Because of this, inputs to the softmax function can be large, making the gradients small (leading to saturate region) -
Instead of the self-attention functiopn we’ve seen:
$\text{output}_l = \text{softmax}(XQ_l K_l^T X^T) \ast X V_l$
We divide the attention scores by $\sqrt{d/h}$, to stop the scores from becoming large just as a function of $d/h$ (The dimensionality divided by the number of heads.):
$\text{output}_l = \text{softmax}(\frac{XQ_l K_l^T X^T}{\sqrt{d/h}}) \ast X V_l$
Now look at the Decoder Blocks
The Transformer Decoder: Cross-attention (details)
-
Let $h_1, \ldots, h_T$ be output vecotrs from the Transformer encoder (the last block); $x_i \in \mathbb{R}^d$
Let $z_1, \ldots, z_T$ be input vectors from the Transformer decoder, $z_i\in \mathbb{R}^d$
Then keys and values are drawn from the encoder (like a memory); $k_i = Kh_i, v_i = Vh_i$
The queries are drawn from the decoder; $q_i = Qz_i$ -
In matrices:
- Let $H = \left[ h_1; \ldots, h_T \right] \in \mathbb{R}^{T\times d}$ be the concatenation of encoder vecotrs.

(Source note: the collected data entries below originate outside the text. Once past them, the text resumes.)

lemma opnorm_infinity_small_fixed_point_pos:
  fixes C :: "real^'n^'n"
  assumes d: "\<forall>i. 0 < d $ i"
    and C: "opnorm \<infinity> C < Min (range (\<lambda>i. \<bar>d $ i\<bar>)) / vpnorm \<infinity> d / 2"
  obtains y where "y = C *v y + d" "\<forall>i. 0 < y $ i"
proof -
  define q where "q = opnorm \<infinity> C"
  define dmin where "dmin = Min (range (\<lambda>i. \<bar>d $ i\<bar>))"
  have pinf: "(1::ereal) \<le> \<infinity>" by simp
  have dmin: "dmin \<le> d $ i" for i
    using d by (simp add: dmin_def abs_of_pos)
  obtain k where k: "vpnorm \<infinity> d = \<bar>d $ k\<bar>" using vpnorm_infinity_attained by blast
  have dk: "0 < d $ k" using d by simp
  have q_nonneg: "0 \<le> q" using opnorm_nonneg[OF pinf] by (simp add: q_def)
  have q_lt: "q < dmin / d $ k / 2" using C k dk by (simp add: q_def dmin_def)
  moreover have "dmin / d $ k / 2 \<le> 1/2"
    using dmin[of k] dk by (simp add: divide_right_mono)
  ultimately have "q < 1/2" by linarith
  then obtain y where y: "y = C *v y + d"
    using opnorm_lt_1_fixed_point_exists[OF pinf, of C d] by (auto simp: q_def)
  have Cy: "\<bar>(C *v y) $ i\<bar> \<le> q * vpnorm \<infinity> y" for i
    using abs_component_le_vpnorm[OF pinf, of "C *v y" i] vpnorm_matrix_vector_le_opnorm[OF pinf, of C y]
    by (simp add: q_def)
  have yi: "y $ i = (C *v y) $ i + d $ i" for i using y by (metis vector_add_component)
  obtain j where j: "vpnorm \<infinity> y = \<bar>y $ j\<bar>" using vpnorm_infinity_attained by blast
  have "q * vpnorm \<infinity> y \<le> 1/2 * vpnorm \<infinity> y"
    using \<open>q < 1/2\<close> vpnorm_nonneg[OF pinf] by (intro mult_right_mono) auto
  then have "vpnorm \<infinity> y \<le> 2 * d $ k"
    using yi[of j] Cy[of j] j k abs_of_pos[OF dk] abs_component_le_vpnorm[OF pinf, of d j]
      abs_triangle_ineq[of "(C *v y) $ j" "d $ j"] by linarith
  then have "q * vpnorm \<infinity> y \<le> q * (2 * d $ k)"
    using q_nonneg by (rule mult_left_mono)
  also have "\<dots> < dmin" using q_lt dk by (simp add: field_simps)
  finally have Cy_small: "q * vpnorm \<infinity> y < dmin" .
  have "0 < y $ i" for i
  proof -
    have "- (C *v y) $ i \<le> q * vpnorm \<infinity> y" using Cy[of i] by (simp add: abs_le_iff)
    then show ?thesis using yi[of i] dmin[of i] Cy_small by linarith
  qed
  then show thesis using y that by blast
qed

lemma splitting_fixed_point_solves:
  fixes A B MB NB :: "real^'n^'m" and X :: "real^'m^'n" and D :: "real^'n^'n"
  assumes MX: "MB ** X = mat 1" and B: "B = MB - NB"
    and y: "y = (X ** (NB + A ** D)) *v y - X *v b"
  shows "(A ** D - B) *v y = b"
proof -
  have "MB *v y = MB *v ((X ** (NB + A ** D)) *v y - X *v b)"
    using y by (rule arg_cong)
  also have "\<dots> = (NB + A ** D) *v y - b"
    unfolding matrix_vector_mult_diff_distrib matrix_vector_mul_assoc matrix_mul_assoc MX by simp
  finally show ?thesis
    using B by (simp add: matrix_vector_mult_diff_rdistrib matrix_vector_mult_add_rdistrib)
qed

lemma diagm_mult_vector_component: "(diagm s *v y) $ i = s $ i * y $ i"
  by (simp add: matrix_vector_mult_def diagm_def if_distrib[of "\<lambda>a. a * _"] cong: if_cong)

lemma abs_value_equation_diagm:
  assumes s: "\<forall>i. s $ i = 1 \<or> s $ i = -1" and y: "\<forall>i. 0 \<le> y $ i"
  shows "A *v (diagm s *v y) - B *v vabs (diagm s *v y) = (A ** diagm s - B) *v y"
proof -
  have "\<bar>s $ i\<bar> = 1" for i using s by (metis abs_minus_cancel abs_one)
  then have "vabs (diagm s *v y) = y"
    using y by (simp add: vabs_def vec_eq_iff diagm_mult_vector_component abs_mult)
  then show ?thesis
    by (simp add: matrix_vector_mul_assoc matrix_vector_mult_diff_rdistrib)
qed

lemma infinite_positive_solutions:
  fixes K :: "real^'n^'m"
  assumes mn: "CARD('m) < CARD('n)" and y: "K *v y = b" "\<forall>i. 0 < y $ i"
  shows "infinite {w. K *v w = b \<and> (\<forall>i. 0 < w $ i)}"
proof -
  have "rank K \<noteq> CARD('n)" using rank_bound[of K] mn by linarith
  then obtain z where z: "z \<noteq> 0" "K *v z = 0"
    using matrix_nonfull_linear_equations_eq by blast
  have "open {w::real^'n. \<forall>i. 0 < w $ i}"
  proof -
    have "{w::real^'n. \<forall>i. 0 < w $ i} = (\<Inter>i. {w. w $ i > 0})" by auto
    then show ?thesis by (auto intro!: open_halfspace_component_gt_cart)
  qed
  then obtain r where r: "0 < r" "ball y r \<subseteq> {w. \<forall>i. 0 < w $ i}"
    using y(2) open_contains_ball by blast
  define f where "f t = y + t *\<^sub>R z" for t
  have "inj f" using z(1) by (auto simp: inj_on_def f_def)
  moreover have "infinite {0<..<r / norm z}" using r z by simp
  ultimately have "infinite (f ` {0<..<r / norm z})"
    using finite_imageD inj_on_subset by blast
  moreover have "f ` {0<..<r / norm z} \<subseteq> {w. K *v w = b \<and> (\<forall>i. 0 < w $ i)}"
  proof safe
    fix t :: real assume t: "t \<in> {0<..<r / norm z}"
    show "K *v f t = b"
      using y z by (simp add: f_def matrix_vector_right_distrib matrix_vector_mult_scaleR)
    have "f t \<in> ball y r"
      using t z by (simp add: f_def dist_norm field_simps)
    then show "0 < f t $ i" for i using r by blast
  qed
  ultimately show ?thesis using finite_subset by blast
qed

lemma infinite_solutions_with_sign_pattern:
  fixes A B :: "real^'n^'m"
  assumes mn: "CARD('m) < CARD('n)" and s: "\<forall>i. s $ i = 1 \<or> s $ i = -1"
    and y: "(A ** diagm s - B) *v y = b" "\<forall>i. 0 < y $ i"
  shows "infinite {x. A *v x - B *v vabs x = b \<and> (\<forall>i. sgn (x $ i) = s $ i)}"
proof -
  let ?W = "{w. (A ** diagm s - B) *v w = b \<and> (\<forall>i. 0 < w $ i)}"
  have "s $ i * s $ i = 1" for i using s[rule_format, of i] by auto
  then have "diagm s *v (diagm s *v w) = w" for w
    by (simp add: vec_eq_iff diagm_mult_vector_component mult.assoc[symmetric])
  then have "inj ((*v) (diagm s))" by (metis injI)
  then have "infinite ((*v) (diagm s) ` ?W)"
    using infinite_positive_solutions[OF mn y] finite_imageD inj_on_subset by blast
  moreover have "(*v) (diagm s) ` ?W \<subseteq> {x. A *v x - B *v vabs x = b \<and> (\<forall>i. sgn (x $ i) = s $ i)}"
  proof
    fix x assume "x \<in> (*v) (diagm s) ` ?W"
    then obtain w where x: "x = diagm s *v w"
      and w: "(A ** diagm s - B) *v w = b" "\<forall>i. 0 < w $ i" by blast
    have "\<forall>i. 0 \<le> w $ i" using w(2) by (simp add: less_imp_le)
    then have "A *v x - B *v vabs x = b"
      using abs_value_equation_diagm[OF s, of w A B] w(1) x by simp
    moreover have "sgn (x $ i) = s $ i" for i
      using s[rule_format, of i] w(2) by (auto simp: x diagm_mult_vector_component sgn_mult)
    ultimately show "x \<in> {x. A *v x - B *v vabs x = b \<and> (\<forall>i. sgn (x $ i) = s $ i)}"
      by simp
  qed
  ultimately show ?thesis using finite_subset by blast
qed

lemma abs_value_equation_nonneg_solution:
  fixes A B MB NB :: "real^'n^'m" and X :: "real^'m^'n"
  assumes s: "\<forall>i. s $ i = 1 \<or> s $ i = -1" and MX: "MB ** X = mat 1" and B: "B = MB - NB"
    and p: "1 \<le> p" and Xb: "\<forall>i. (X *v b) $ i \<le> 0"
    and C_nonneg: "\<forall>i j. 0 \<le> (X ** (NB + A ** diagm s)) $ i $ j"
    and C: "opnorm p (X ** (NB + A ** diagm s)) < 1"
  shows "\<exists>y. (\<forall>i. 0 \<le> y $ i) \<and> (A ** diagm s - B) *v y = b \<and>
    A *v (diagm s *v y) - B *v vabs (diagm s *v y) = b"
proof -
  obtain y where y: "y = (X ** (NB + A ** diagm s)) *v y + - (X *v b)"
    using opnorm_lt_1_fixed_point_exists[OF p C] by blast
  have y_nonneg: "\<forall>i. 0 \<le> y $ i"
    using Xb by (intro opnorm_lt_1_fixed_point_nonneg[OF p C C_nonneg _ y]) simp
  moreover have "(A ** diagm s - B) *v y = b"
    using y by (intro splitting_fixed_point_solves[OF MX B]) simp
  ultimately show ?thesis using abs_value_equation_diagm[OF s y_nonneg] by auto
qed

lemma abs_value_equation_infinitely_many_solutions:
  fixes A B MB NB :: "real^'n^'m" and X :: "real^'m^'n"
  assumes mn: "CARD('m) < CARD('n)" and s: "\<forall>i. s $ i = 1 \<or> s $ i = -1"
    and MX: "MB ** X = mat 1" and B: "B = MB - NB" and Xb: "\<forall>i. (X *v b) $ i < 0"
    and C: "opnorm \<infinity> (X ** (NB + A ** diagm s)) <
      (Min (range (\<lambda>i. \<bar>(X *v b) $ i\<bar>)) / Max (range (\<lambda>i. \<bar>(X *v b) $ i\<bar>))) / 2"
  shows "infinite {x. A *v x - B *v vabs x = b \<and> (\<forall>i. sgn (x $ i) = s $ i)}"
proof -
  have "\<forall>i. 0 < (- (X *v b)) $ i" using Xb by simp
  moreover have "opnorm \<infinity> (X ** (NB + A ** diagm s)) <
      Min (range (\<lambda>i. \<bar>(- (X *v b)) $ i\<bar>)) / vpnorm \<infinity> (- (X *v b)) / 2"
    using C by (simp add: vpnorm_def)
  ultimately obtain y where y: "y = (X ** (NB + A ** diagm s)) *v y + - (X *v b)"
    and y_pos: "\<forall>i. 0 < y $ i"
    by (rule opnorm_infinity_small_fixed_point_pos)
  have "(A ** diagm s - B) *v y = b"
    using y by (intro splitting_fixed_point_solves[OF MX B]) simp
  then show ?thesis using y_pos by (rule infinite_solutions_with_sign_pattern[OF mn s])
qed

- Let $Z = \left[ z_1; \ldots, z_T \right] \in \mathbb{R}^{T\times d}$ be the concatenation of decoder vectors.
- The output is defined as $\text{output} = \text{softmax}(ZQ(HK)^T)\times HV$.

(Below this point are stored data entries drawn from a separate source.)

(* Let $G$ be a simple, undirected, connected graph on $N$ vertices with edge set $E$ and degree sequence $d_1\le d_2\le\cdots\le d_N$. If $d_j=1$ for $1\le j\le M$, where $M<N$, then $$R^+(G)\ge N(N-4)+2|E|\left[M+\frac{(N-M)^2}{2|E|-M}\right].$$
   Context: For vertices $i,j$ of $G$, $R_{ij}$ denotes the effective resistance between $i$ and $j$ when every edge of $G$ is a unit resistor. The additive degree-Kirchhoff index is $R^+(G)=\sum_{i<j}(d_i+d_j)R_{ij}$, where $d_i$ is the degree of vertex $i$. *)

theory Defs
  imports Main "HOL-Library.Disjoint_Sets" Complex_Main
begin

definition simple_graph :: "'a set \<Rightarrow> 'a set set \<Rightarrow> bool" where
  "simple_graph V E \<longleftrightarrow> finite V \<and>
     (\<forall>e\<in>E. \<exists>x y. e = {x, y} \<and> x \<noteq> y \<and> x \<in> V \<and> y \<in> V)"

definition adj :: "'a set set \<Rightarrow> 'a \<Rightarrow> 'a \<Rightarrow> bool" where
  "adj E x y \<longleftrightarrow> {x, y} \<in> E"

definition connected_graph :: "'a set \<Rightarrow> 'a set set \<Rightarrow> bool" where
  "connected_graph V E \<longleftrightarrow> (\<forall>x\<in>V. \<forall>y\<in>V. (adj E)\<^sup>*\<^sup>* x y)"

definition neighbors :: "'a set set \<Rightarrow> 'a \<Rightarrow> 'a set" where
  "neighbors E x = {y. {x, y} \<in> E}"

definition degree :: "'a set set \<Rightarrow> 'a \<Rightarrow> nat" where
  "degree E x = card (neighbors E x)"

definition laplacian :: "'a set set \<Rightarrow> ('a \<Rightarrow> real) \<Rightarrow> 'a \<Rightarrow> real" where
  "laplacian E v x = real (degree E x) * v x - (\<Sum>y\<in>neighbors E x. v y)"

text \<open>Effective resistance (unit resistors): inject unit current at i, extract it at j;
  R_ij is the resulting potential difference v_i - v_j, where L v = e_i - e_j on V.
  For a connected graph this is well defined (v unique up to an additive constant).\<close>
definition eff_res :: "'a set \<Rightarrow> 'a set set \<Rightarrow> 'a \<Rightarrow> 'a \<Rightarrow> real" where
  "eff_res V E i j = (THE r. \<exists>v. (\<forall>x\<in>V. laplacian E v x =
        (if x = i then 1 else 0) - (if x = j then 1 else 0)) \<and> r = v i - v j)"

definition additive_degree_kirchhoff :: "('a::linorder) set \<Rightarrow> 'a set set \<Rightarrow> real" where
  "additive_degree_kirchhoff V E =
     (\<Sum>(i, j)\<in>{(i, j). i \<in> V \<and> j \<in> V \<and> i < j}.
        real (degree E i + degree E j) * eff_res V E i j)"

end

theory Submission
  imports Defs "Jordan_Normal_Form.Determinant"
begin
lemma mult_powr_le_powr:
  fixes q x s :: real
  assumes "q \<le> 1" "0 \<le> x" "x \<le> s"
  shows "x * s powr (q - 1) \<le> x powr q"
proof (cases "x = 0")
  case False
  then have "x * s powr (q - 1) \<le> x * x powr (q - 1)"
    using powr_mono2'[of "q - 1" x s] assms by (simp add: mult_left_mono)
  then show ?thesis
    using powr_mult_base[of x "q - 1"] assms by simp
qed simp

lemma powr_le_mult_powr:
  fixes d x s :: real
  assumes "1 \<le> d" "0 \<le> x" "x \<le> s"
  shows "x powr d \<le> x * s powr (d - 1)"
proof -
  have "x * x powr (d - 1) \<le> x * s powr (d - 1)"
    using powr_mono2[of "d - 1" x s] assms by (simp add: mult_left_mono)
  then show ?thesis
    using powr_mult_base[of x "d - 1"] assms by simp
qed

lemma powr_add_le_add_powr:
  fixes q x y :: real
  assumes "q \<le> 1" "0 \<le> x" "0 \<le> y"
  shows "(x + y) powr q \<le> x powr q + y powr q"
proof -
  have "(x + y) * (x + y) powr (q - 1) = (x + y) powr q"
    using powr_mult_base[of "x + y" "q - 1"] assms by simp
  moreover have "x * (x + y) powr (q - 1) \<le> x powr q" "y * (x + y) powr (q - 1) \<le> y powr q"
    using mult_powr_le_powr assms by simp_all
  ultimately show ?thesis
    by (simp add: algebra_simps)
qed

lemma add_powr_le_powr_add:
  fixes d x y :: real
  assumes "1 \<le> d" "0 \<le> x" "0 \<le> y"
  shows "x powr d + y powr d \<le> (x + y) powr d"
proof -
  have "(x + y) * (x + y) powr (d - 1) = (x + y) powr d"
    using powr_mult_base[of "x + y" "d - 1"] assms by simp
  moreover have "x powr d \<le> x * (x + y) powr (d - 1)" "y powr d \<le> y * (x + y) powr (d - 1)"
    using powr_le_mult_powr assms by simp_all
  ultimately show ?thesis
    by (simp add: algebra_simps)
qed

lemma add_powr_le_midpoint:
  fixes q x y :: real
  assumes "0 < q" "q \<le> 1" "0 \<le> x" "0 \<le> y"
  shows "x powr q + y powr q \<le> 2 powr (1 - q) * (x + y) powr q"
proof (cases "x + y = 0")
  case False
  define c where "c = (x + y) / 2"
  have "c > 0"
    using False assms by (simp add: c_def)
  then have "x powr q + y powr q \<le> 2 * c powr q + q * c powr (q - 1) * ((x - c) + (y - c))"
    using powr_le_tangent_line[of q c x] powr_le_tangent_line[of q c y] assms
    by (simp add: algebra_simps)
  also have "\<dots> = 2 powr (1 - q) * (x + y) powr q"
    by (simp add: c_def powr_divide powr_diff)
  finally show ?thesis .
qed (use assms in \<open>simp add: add_nonneg_eq_0_iff\<close>)

lemma midpoint_le_add_powr:
  fixes d x y :: real
  assumes "1 \<le> d" "0 \<le> x" "0 \<le> y"
  shows "2 powr (1 - d) * (x + y) powr d \<le> x powr d + y powr d"
proof (cases "x + y = 0")
  case False
  define c where "c = (x + y) / 2"
  have "c > 0"
    using False assms by (simp add: c_def)
  have "2 powr (1 - d) * (x + y) powr d = 2 * c powr d + d * c powr (d - 1) * ((x - c) + (y - c))"
    by (simp add: c_def powr_divide powr_diff)
  also have "\<dots> \<le> x powr d + y powr d"
    using tangent_line_le_powr[of d c x] tangent_line_le_powr[of d c y] \<open>c > 0\<close> assms
    by (simp add: algebra_simps)
  finally show ?thesis .
qed (use assms in simp)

What would we like to fix about the Transformer?
- Quadratic compute in self-attention:
- Computing all pairs of interactions means our computation grows quadratically with the sequence length.

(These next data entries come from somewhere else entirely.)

lemma sat_automorphism:
  assumes "fsyms L = {}" "wf_fm L p" "bij_betw \<sigma> (dom M) (dom M)"
    and "preserves_rels M (rels p) \<sigma>" "range e \<subseteq> dom M"
  shows "sat M (\<sigma> \<circ> e) p = sat M e p"
  using assms(2,4,5)
proof (induct p arbitrary: e)
  case (FEq s t)
  obtain i j where "s = Var i" "t = Var j"
    using FEq.prems(1) wf_trm_Var[OF assms(1)] by (metis wf_fm.simps(2))
  moreover have "e i \<in> dom M" "e j \<in> dom M" using FEq.prems(3) by auto
  ultimately show ?case using assms(3) by (auto simp: bij_betw_def inj_on_def)
next
  case (FRel r ts)
  obtain vs where ts: "ts = map Var vs" using FRel.prems(1) wf_trms_Var[OF assms(1)] by auto
  have "set (map e vs) \<subseteq> dom M" "r \<in> rels (FRel r ts)" using FRel.prems(3) by auto
  then show ?case using FRel.prems(2)
    unfolding ts sat_FRel_Var map_map[symmetric] preserves_rels_def by blast
next
  case (FConj p q)
  then show ?case by (simp add: preserves_rels_def)
next
  case (FEx x p)
  have ih: "sat M (\<sigma> \<circ> e(x := b)) p = sat M (e(x := b)) p" if "b \<in> dom M" for b
    using FEx.prems that by (intro FEx.hyps) auto
  have upd: "(\<sigma> \<circ> e)(x := \<sigma> b) = \<sigma> \<circ> e(x := b)" for b by auto
  have onto: "\<sigma> ` dom M = dom M" using assms(3) by (simp add: bij_betw_def)
  show ?case
  proof
    assume "sat M (\<sigma> \<circ> e) (FEx x p)"
    then obtain a where a: "a \<in> dom M" "sat M ((\<sigma> \<circ> e)(x := a)) p" by auto
    then obtain b where "b \<in> dom M" "a = \<sigma> b" using onto by auto
    then show "sat M e (FEx x p)" using a ih upd by auto
  next
    assume "sat M e (FEx x p)"
    then obtain b where b: "b \<in> dom M" "sat M (e(x := b)) p" by auto
    then have "\<sigma> b \<in> dom M" using onto by auto
    then show "sat M (\<sigma> \<circ> e) (FEx x p)" using b ih upd by (auto intro!: bexI[of _ "\<sigma> b"])
  qed
qed auto

definition Th :: "lang \<Rightarrow> struc \<Rightarrow> fm set" where
  "Th L M = {p. sentence L p \<and> (\<forall>e. range e \<subseteq> dom M \<longrightarrow> sat M e p)}"

lemma is_model_Th: "is_struc L M \<Longrightarrow> is_model L (Th L M) M"
  by (auto simp: is_model_def Th_def)

lemma complete_theory_Th:
  assumes "is_struc L M"
  shows "complete_theory L (Th L M)"
  unfolding complete_theory_def
proof (intro conjI allI impI)
  show "\<forall>p\<in>Th L M. sentence L p" by (auto simp: Th_def)
  show "\<exists>N. is_model L (Th L M) N" using is_model_Th[OF assms] by blast
  fix p assume p: "sentence L p"
  show "entails L (Th L M) p \<or> entails L (Th L M) (FNeg p)"
  proof (cases "\<forall>e. range e \<subseteq> dom M \<longrightarrow> sat M e p")
    case True
    then have "p \<in> Th L M" using p by (auto simp: Th_def)
    then show ?thesis by (auto simp: entails_def is_model_def)
  next
    case False
    then obtain e0 where "range e0 \<subseteq> dom M" "\<not> sat M e0 p" by auto
    then have "sat M e (FNeg p)" for e
      using sat_sentence[of p M e e0] p by (auto simp: sentence_def)
    then have "FNeg p \<in> Th L M" using p by (auto simp: Th_def sentence_def)
    then show ?thesis by (auto simp: entails_def is_model_def)
  qed
qed

lemma Th_sublang: "sublang L L' \<Longrightarrow> Th L M \<subseteq> Th L' M"
  by (auto simp: Th_def sentence_def intro: wf_fm_sublang)

lemma expansion_Th: "sublang L L' \<Longrightarrow> is_struc L' M \<Longrightarrow> expansion L (Th L M) L' (Th L' M)"
  by (simp add: expansion_def Th_sublang complete_theory_Th)

fun close_all :: "nat list \<Rightarrow> fm \<Rightarrow> fm" where
  "close_all [] p = p"
| "close_all (x # xs) p = FNeg (FEx x (FNeg (close_all xs p)))"

lemma fv_close_all: "fv (close_all xs p) = fv p - set xs"
  by (induct xs) auto

lemma wf_fm_close_all: "wf_fm L (close_all xs p) = wf_fm L p"
  by (induct xs) auto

- For recurrent models, it only grew linearly.
- Position representations:
- Are simple absolute indices the best we can do to represent position?
- Relative linear position attention (Shaw et al., 2018)
- Dependency syntax-based position (Wang et al., 2019)
Quadratic computation as a function of sequence length
- One of the benefits of self-attention over recurrence was that it’s highly parallelizable.
However, its total number of operations grows as $O(T^2 d)$, where $T$ is the sequence length, and $d$ is the dimensionality.
- Think of $d$ as around 1,000.
So, for a single (shortish) sentence, $T \le 30; T^2 \le$ 900.
In practice, we set a bound like $T = 512$.
But what if we’d like $T\ge 10,000$? to work on long documents?
Recent work on improving on quadratic self-attention cost
-
Considerable recent work has gone into the question,
Can we build models like Transformers without paying the $O(T^2)$ all-pairs self-attention cost? - Linformer (Wang et al., 2020)
- Key idea: map the sequence length dimension to a lower-dimensional space for values, keys.
- BigBird (Zaheer et al., 2021)
- Key idea: replace all-pairs interactions with a family of other interactions, like local windows, looking at everything, and random interactions.